At Microsoft Research Labs they developed a modular stackable platform [11]. The mPlatform was designed so that a wide range of processors can coexist on the same platform and efficiently communicate in any possible configuration. The coupling of the heterogeneous microprocessors is achieved by a reconfigurable HW (CPLD in this case). The local processor on each module interacts with a parallel bus through the bus controller, implemented in a low-power CPLD thus achieving communication abstraction through the entire modular platform.

In the mPlatform the term reconfigurability is used only to emphasize on the platform's Lego-like nature where the number and type of processors put together depends on the requirements of a given research project.

With this in mind, the CPLD is configured only at design time in order to meet the specific communication demands of a particular project.



#### 3.3.2 Cookie

At the CEI-UPM, researchers have developed a platform based on a 8052 uC from Analog Devices (ADuC841) and a Xilinx XC3S200 Spartan 3 FPGA [12]. It is composed of four main layers: processing, communication, power supply and sensors. The FPGA acts as an independent co-processor solely for taking measurements from digital sensors (Figure X2). The uC sends triggers to the FPGA, specifying the sensor from which the measure has to be taken, and the FPGA activates the corresponding sensor interface.

The Cookie platform supports dynamic reconfiguration of the FPGA. It uses the uC to reconfigure the FPGA from a library of general HW digital interfaces for sensors (as I2C, 1-Wire, SPI, etc.). The uC will use the JTAG port of the FPGA to accomplish this task. The uC will receive the bitstream from the communication layer (ZigBee module) and will download it in the FPGA configuration memory.



## 3.3.3 RESENSE

RESENSE is a reconfigurable WSN platform, developed at the Technical University of Crete [13]. In the RESENSE platform there are two distinct architectures that incorporate reconfigurable logic. In the sensor node level researchers have coupled a commercial WSN mote (Micaz/IRIS - ATMega1281 uC) and a low-power CPLD (Xilinx CoolRunner-II). On the base station they have combined an Intel Atom processor (general purpose CPU) with a Virtex-5 FPGA (XC5VLX110T).



Both Reconfigurable Nodes are treated as hardware accelerators by executing security (encryption/decryption/authentication) algorithms for providing a network-level security framework. They have proven that the overall energy consumption of the new infrastructure is reduced by up to 98%, when compared with the consumption of a widely used commercial CPU-based WSN node executing those same WSN processing tasks in software.

### 3.3.4 Tyndall (25mm Cube)

The Tyndall Mote was developed at the Tyndall National Institute by the Wireless Sensor Networks Team [14]. The Tyndall Mote is a compact, reconfigurable and modular platform. The design is based around several 25×25mm boards that are interconnected by means of two standard connectors placed on contiguous sides of each of the square boards.
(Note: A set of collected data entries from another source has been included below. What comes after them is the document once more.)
lemma is_slice_coproduct_Un:
  assumes lm: "lorentzian_manifold A G T" and "slice A G T X" and "slice A G T Y"
    and sp: "spacelike A G T (X \<union> Y)" and dj: "X \<inter> Y = {}"
  shows "is_slice_coproduct A G T X Y (X \<union> Y)"
proof -
  let ?HX = "curves_meeting A G T X" and ?HY = "curves_meeting A G T Y"
  have YX: "Y \<union> X = X \<union> Y"
    by blast
  note sp' = sp[folded YX]
  have "?HX \<in> slice_hom A G T X (X \<union> Y)" and "?HY \<in> slice_hom A G T Y (X \<union> Y)"
    unfolding slice_hom_def
    using curves_meeting_subset_CC_Un[OF lm sp] curves_meeting_subset_CC_Un[OF lm sp', unfolded YX]
    by blast+
  moreover have "\<exists>!h. h \<in> slice_hom A G T (X \<union> Y) Z \<and> slice_comp h ?HX = f \<and> slice_comp h ?HY = g"
    if f: "f \<in> slice_hom A G T X Z" and g: "g \<in> slice_hom A G T Y Z" for Z f g
  proof -
    have "CC A G T (X \<union> Y) Z \<subseteq> ?HX \<union> ?HY"
      using CC_subset_curves_meeting_source curves_meeting_Un by blast
    moreover have "f \<subseteq> ?HX" and "g \<subseteq> ?HY"
      using f g CC_subset_curves_meeting_source unfolding slice_hom_def by blast+
    moreover have "f \<union> g \<subseteq> CC A G T (X \<union> Y) Z"
      using f g CC_mono_source[of X "X \<union> Y"] CC_mono_source[of Y "X \<union> Y"]
      unfolding slice_hom_def by blast
    ultimately show ?thesis
      unfolding slice_hom_def slice_comp_def Int_commute[of _ ?HX] Int_commute[of _ ?HY]
      by (intro ex1_subset_with_given_traces curves_meeting_disjoint[OF lm sp dj])
  qed
  ultimately show ?thesis
    unfolding is_slice_coproduct_def
    by (intro conjI slice_Un[OF assms(2-4)] bexI[of _ ?HX] bexI[of _ ?HY] allI impI ballI)
qed

theorem mainTheorem2:
  fixes A :: "('m::{t2_space, second_countable_topology}, 'n::finite) chart set"
    and G :: "('m, 'n) chart \<Rightarrow> 'm \<Rightarrow> real^'n^'n"
    and T :: "('m, 'n) chart \<Rightarrow> 'm \<Rightarrow> real^'n"
    and X Y :: "'m set"
  assumes "lorentzian_manifold A G T"
    and "slice A G T X" and "slice A G T Y"
    and "spacelike A G T (X \<union> Y)"
    and "X \<inter> Y = {}"
  shows "is_slice_product A G T X Y (X \<union> Y) \<and> is_slice_coproduct A G T X Y (X \<union> Y)"
  using is_slice_product_Un[OF assms] is_slice_coproduct_Un[OF assms] by blast
lemma succ_set_cone_below:
  assumes t: "t \<in> cone c s" and "\<not> s \<subseteq>\<^sub>m t"
  shows "\<exists>b. succ_set r t (cone c s) = {b}"
proof -
  have tS: "t \<in> Seqs r" and sS: "s \<in> Seqs r"
    using Seqs_cone[OF t] tree_Seqs[OF T s] .
  have "t \<subseteq>\<^sub>m s" and "t \<noteq> s"
    using t assms(2) unfolding cone_def by auto
  then obtain b0 where b0: "extend t b0 \<subseteq>\<^sub>m s"
    and unique: "\<And>b. extend t b \<subseteq>\<^sub>m s \<or> s \<subseteq>\<^sub>m extend t b \<Longrightarrow> b = b0"
    using unique_extend_below[OF tS sS] by blast
  have "extend t b0 \<in> cone c s"
    using tree_map_le[OF T s extend_Seqs[OF tS] b0] b0 unfolding cone_def by blast
  then have "succ_set r t (cone c s) = {b0}"
    using unique unfolding succ_set_conv[OF tS] cone_def by blast
  then show ?thesis
    by blast
qed

lemma lt_kappa_closed_cone:
  assumes Cl: "lt_kappa_closed r c"
  shows "lt_kappa_closed r (cone c s)"
  unfolding lt_kappa_closed_def
proof (intro allI impI)
  fix s' d
  assume H: "dom s' = underS r d \<and> is_limit r d \<and> (\<forall>a. a \<prec> d \<longrightarrow> s' |` underS r a \<in> cone c s)"
  have s'S: "s' \<in> Seqs r" and len: "len s' = d"
    using H SeqsI len_eqI by blast+
  have "s' \<in> c"
    using Cl H cone_subset unfolding lt_kappa_closed_def by blast
  moreover have "s' \<subseteq>\<^sub>m s \<or> s \<subseteq>\<^sub>m s'"
    using comparable_limit[OF s'S tree_Seqs[OF T s]] H len unfolding cone_def trunc_def by blast
  ultimately show "s' \<in> cone c s"
    unfolding cone_def by blast
qed
(* Suppose the quadratic vector equation $Mx=a+b(x,x)$ has a minimal solution $x_\ast$ with $x_\ast>0$ (every component strictly positive). Then $\rho\big(M^{-1}(b(x_\ast,\cdot)+b(\cdot,x_\ast))\big)\leq 1$, and consequently $F'_{x_\ast}=M-b(x_\ast,\cdot)-b(\cdot,x_\ast)$ is an M-matrix.
   Context: Inequalities between vectors/matrices are componentwise. A Z-matrix is a real square matrix with nonpositive off-diagonal entries; an M-matrix is a matrix $sI-P$ with $P\geq0$ entrywise and $s\geq\rho(P)$ ($\rho$ = spectral radius). Let $M\in\mathbb R^{n\times n}$ be a nonsingular M-matrix, $a\in\mathbb R^n$ with $a\geq 0$, and $b:\mathbb R^n\times\mathbb R^n\to\mathbb R^n$ a bilinear map (not necessarily symmetric) with $b(x,y)\geq 0$ whenever $x,y\geq 0$. A solution of $Mx=a+b(x,x)$ means a vector $x\geq 0$ satisfying it; a solution $x_\ast$ is minimal if $x_\ast\leq y$ for every solution $y$. For $x\in\mathbb R^n$, $b(x,\cdot)$ and $b(\cdot,x)$ denote the $n\times n$ matrices of $y\mapsto b(x,y)$ and $y\mapsto b(y,x)$; $F'_x:=M-b(x,\cdot)-b(\cdot,x)$ is the Jacobian of $F(x):=Mx-a-b(x,x)$. *)

theory Defs
  imports "Jordan_Normal_Form.Spectral_Radius"
begin

definition nonneg_vec :: "real vec \<Rightarrow> bool" where
  "nonneg_vec v \<longleftrightarrow> (\<forall>i < dim_vec v. v $ i \<ge> 0)"

definition pos_vec :: "real vec \<Rightarrow> bool" where
  "pos_vec v \<longleftrightarrow> (\<forall>i < dim_vec v. v $ i > 0)"

definition nonneg_mat :: "real mat \<Rightarrow> bool" where
  "nonneg_mat A \<longleftrightarrow> (\<forall>i < dim_row A. \<forall>j < dim_col A. A $$ (i, j) \<ge> 0)"

definition rho :: "real mat \<Rightarrow> real" where
  "rho A = spectral_radius (map_mat complex_of_real A)"

definition M_matrix :: "nat \<Rightarrow> real mat \<Rightarrow> bool" where
  "M_matrix n A \<longleftrightarrow> A \<in> carrier_mat n n \<and>
     (\<exists>s P. P \<in> carrier_mat n n \<and> nonneg_mat P \<and> s \<ge> rho P \<and> A = s \<cdot>\<^sub>m 1\<^sub>m n - P)"

definition nonsingular_M_matrix :: "nat \<Rightarrow> real mat \<Rightarrow> bool" where
  "nonsingular_M_matrix n A \<longleftrightarrow> M_matrix n A \<and> invertible_mat A"

definition minv :: "real mat \<Rightarrow> real mat" where
  "minv A = (SOME B. inverts_mat A B \<and> inverts_mat B A)"

definition bilinear_vec :: "nat \<Rightarrow> (real vec \<Rightarrow> real vec \<Rightarrow> real vec) \<Rightarrow> bool" where
  "bilinear_vec n b \<longleftrightarrow>
     (\<forall>x \<in> carrier_vec n. \<forall>y \<in> carrier_vec n. b x y \<in> carrier_vec n) \<and>
     (\<forall>x \<in> carrier_vec n. \<forall>y \<in> carrier_vec n. \<forall>z \<in> carrier_vec n. \<forall>c::real.
        b (x + y) z = b x z + b y z \<and> b (c \<cdot>\<^sub>v x) z = c \<cdot>\<^sub>v b x z \<and>
        b z (x + y) = b z x + b z y \<and> b z (c \<cdot>\<^sub>v x) = c \<cdot>\<^sub>v b z x)"

text \<open>Matrices of y \<mapsto> b(x,y) and y \<mapsto> b(y,x).\<close>
definition b_left :: "nat \<Rightarrow> (real vec \<Rightarrow> real vec \<Rightarrow> real vec) \<Rightarrow> real vec \<Rightarrow> real mat" where
  "b_left n b x = mat n n (\<lambda>(i, j). b x (unit_vec n j) $ i)"

definition b_right :: "nat \<Rightarrow> (real vec \<Rightarrow> real vec \<Rightarrow> real vec) \<Rightarrow> real vec \<Rightarrow> real mat" where
  "b_right n b x = mat n n (\<lambda>(i, j). b (unit_vec n j) x $ i)"

definition qve_solution :: "nat \<Rightarrow> real mat \<Rightarrow> real vec \<Rightarrow> (real vec \<Rightarrow> real vec \<Rightarrow> real vec) \<Rightarrow> real vec \<Rightarrow> bool" where
  "qve_solution n M a b x \<longleftrightarrow> x \<in> carrier_vec n \<and> nonneg_vec x \<and> M *\<^sub>v x = a + b x x"

definition qve_minimal_solution :: "nat \<Rightarrow> real mat \<Rightarrow> real vec \<Rightarrow> (real vec \<Rightarrow> real vec \<Rightarrow> real vec) \<Rightarrow> real vec \<Rightarrow> bool" where
  "qve_minimal_solution n M a b x \<longleftrightarrow> qve_solution n M a b x \<and>
     (\<forall>y. qve_solution n M a b y \<longrightarrow> (\<forall>i < n. x $ i \<le> y $ i))"

end

theory Submission
  imports Defs
begin

(* Write the nonsingular M-matrix as M = s I - P with P >= 0, and let C (called coupling below)
   be the matrix of u |-> b(xs, u) + b(u, xs) for the positive minimal solution xs.  The heart of
   the proof is a "no descent direction" property of xs: there is no nonzero u >= 0 and no
   0 <= theta < 1 with M u <= theta C u.  Indeed, for small t > 0 the point y = xs - t u is then
   a nonnegative supersolution, a + b(y, y) <= M y; the monotone map x |-> (a + P x + b(x, x)) / s
   sends the box [0, y] into itself, so by a Knaster-Tarski argument it has a fixed point there,
   i.e. a solution strictly below xs, contradicting minimality.

   Both claims are reduced to this property by the modulus trick for nonnegative matrices: if
   C z = l M z with |l| > 1, or (P + C) z = l z with |l| > s, then u = |z| satisfies
   M u <= theta C u with theta = 1/|l|, resp. theta = s/|l|.  Hence rho(M^-1 C) <= 1 and
   rho(P + C) <= s, and the latter says that M - C = s I - (P + C) is an M-matrix. *)

text \<open>The library orders vectors componentwise (vectors of different dimension are incomparable);
  the following facts translate between this order and the entries.\<close>
lemma vec_le_iff:
  fixes v w :: "'a::ord vec"
  assumes "v \<in> carrier_vec n" "w \<in> carrier_vec n"
  shows "v \<le> w \<longleftrightarrow> (\<forall>i<n. v $ i \<le> w $ i)"
  using assms by (auto simp: less_eq_vec_def)

lemma vec_leI:
  fixes v w :: "'a::ord vec"
  assumes "v \<in> carrier_vec n" "w \<in> carrier_vec n" "\<And>i. i < n \<Longrightarrow> v $ i \<le> w $ i"
  shows "v \<le> w"
  using assms by (auto simp: less_eq_vec_def)

lemma vec_leD:
  fixes v w :: "'a::ord vec"
  assumes "v \<le> w" "i < dim_vec w"
  shows "v $ i \<le> w $ i"
  using assms by (auto simp: less_eq_vec_def)

lemma nonneg_vec_le: "v \<in> carrier_vec n \<Longrightarrow> nonneg_vec v \<longleftrightarrow> 0\<^sub>v n \<le> v"
  by (auto simp: nonneg_vec_def less_eq_vec_def)

lemma mult_mat_vec_index:
  assumes "A \<in> carrier_mat n m" "v \<in> carrier_vec m" "i < n"
  shows "(A *\<^sub>v v) $ i = (\<Sum>j<m. A $$ (i,j) * v $ j)"
  using assms by (simp add: scalar_prod_def atLeast0LessThan)

lemma shifted_identity_mult_vec:
  fixes s :: "'a::comm_ring_1"
  assumes P: "P \<in> carrier_mat n n" and v: "v \<in> carrier_vec n"
  shows "(s \<cdot>\<^sub>m 1\<^sub>m n - P) *\<^sub>v v = s \<cdot>\<^sub>v v - P *\<^sub>v v"
proof -
  have "(\<Sum>j = 0..<n. s * (if j = i then 1 else 0) * v $ j) = s * v $ i" if "i < n" for i
  proof -
    have "(\<Sum>j = 0..<n. s * (if j = i then 1 else 0) * v $ j) = (\<Sum>j = 0..<n. if j = i then s * v $ j else 0)"
      by (rule sum.cong) auto
    then show ?thesis using that by simp
  qed
  then have "s \<cdot>\<^sub>m 1\<^sub>m n *\<^sub>v v = s \<cdot>\<^sub>v v" using v by (intro eq_vecI) (auto simp: scalar_prod_def)
  then show ?thesis using P v by (simp add: minus_mult_distrib_mat_vec[of _ n n])
qed

lemma nonneg_mat_mult_vec_mono:
  assumes P: "P \<in> carrier_mat n n" "nonneg_mat P" and vw: "v \<le> w" "w \<in> carrier_vec n"
  shows "P *\<^sub>v v \<le> P *\<^sub>v w"
proof -
  have v: "v \<in> carrier_vec n" using vw by (auto simp: less_eq_vec_def)
  have "(P *\<^sub>v v) $ i \<le> (P *\<^sub>v w) $ i" if "i < n" for i
    using P vw v that unfolding nonneg_mat_def vec_le_iff[OF v vw(2)]
    by (subst (1 2) mult_mat_vec_index[of _ n n]) (auto intro!: sum_mono mult_left_mono)
  then show ?thesis using P v vw(2) by (subst vec_le_iff[of _ n]) auto
qed

lemma pos_vec_dominates:
  assumes x: "x \<in> carrier_vec n" "pos_vec x" and u: "u \<in> carrier_vec n" "0\<^sub>v n \<le> u"
  shows "\<exists>c>0. c \<cdot>\<^sub>v u \<le> x"
proof -
  define c where "c = Min (insert 1 ((\<lambda>i. x $ i / (u $ i + 1)) ` {..<n}))"
  have u_nonneg: "0 \<le> u $ i" if "i < n" for i using vec_leD[OF u(2)] that u(1) by simp
  have x_pos: "0 < x $ i" if "i < n" for i using x that unfolding pos_vec_def by simp
  have "c > 0" unfolding c_def using x_pos u_nonneg by (auto intro!: divide_pos_pos add_nonneg_pos)
  moreover have "c * u $ i \<le> x $ i" if i: "i < n" for i
  proof -
    have "c \<le> x $ i / (u $ i + 1)" unfolding c_def using i by (intro Min_le) auto
    then have "c * (u $ i + 1) \<le> x $ i" using u_nonneg[OF i] by (simp add: pos_le_divide_eq add_nonneg_pos)
    then show ?thesis using \<open>c > 0\<close> by (simp add: algebra_simps)
  qed
  ultimately show ?thesis using x(1) u(1) by (intro exI[of _ c]) (auto intro!: vec_leI[of _ n])
qed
FPGA technology and additional processing capability can easily be incorporated into the system stack when required by simply adding the required layer, similarly appropriate power supplies and battery layers or coin cell battery layers can be stacked one on top of each other, also in a modular fashion

All of the communication layers are designed with an on-board ATmega128L microcontroller developed to integrate the radio and transceivers, as well as being compatible with TinyOS, and other standard.



Literature Survey

In this case also, the main research is not focused on FPGA reconfiguration, but rather in reprogramming the microcontroller and the FPGA before deployment.

#### 3.3.5 REWISE node

Wilder et al. [15] present a reconfigurable wireless sensor network (REWISE), showing that FPGAs reach an optimum balance between flexibility, energy requirements and processing power. Their node is based on a 16bits microcontroller (MSP430) from Texas Instruments. Their system is an implementation of what they call wireless JTAG, which is independent of the final FPGA that will be used. Each node includes a repository of HW/SW configurations and programs to avoid the high cost of sending these files through the network.



## 3.4 Reconfigurable hardware + embedded processor

In this section platforms based on embedded processors in the reconfigurable fabric will be considered.

#### 3.4.1 Darmstadt platform

At the Institute of Microelectronics System of Darmstadt University, they have developed a reconfigurable prototyping platform based only on a single Spartan3-2000 FPGA as the main processing [16]. The board has a CPLD only for reconfiguration purposes. In their application example, the heart of the system is a soft core 32-bit LEON2 RISC processor with the rest of the reconfigurable logic acting as functional unit (RFU) integrated directly into the processor's data path. The FPGA is used to integrate debugging and system monitoring in the logic, and to emulate the digital part of the final node. Therefore, their main target is prototyping. There is no reference to any kind of system reconfiguration of the platform, neither static nor dynamic.



## 3.4.2 Warangal platform

In the National Institute of Technology, Warangal in India, Muralidhar and Rao, developed a Reconfigurable WSN node using an ALTERA Cyclone II FPGA [17]. The processing unit (treatment unit by the authors' terms) is a NIOS II soft core. They proposed a real-time forest fire detection system by using reconfigurable wireless sensor networks. Their target is to reuse the reconfigurable functional unit (RFU) through dynamic reconfiguration.



## 3.5 Other Reconfigurable WSNs

Latha et al [18] from College of Engineering, Anna Univ., Chennai, India, have proposed a two-level system for surveillance and intrusion detection. At the first level, relatively simple nodes with basic sensing devices are used as primary detectors of intrusions. The second-level sensor node is composed of a high performance FPGA that can be dynamically reconfigured for different applications, interfaced with the camera.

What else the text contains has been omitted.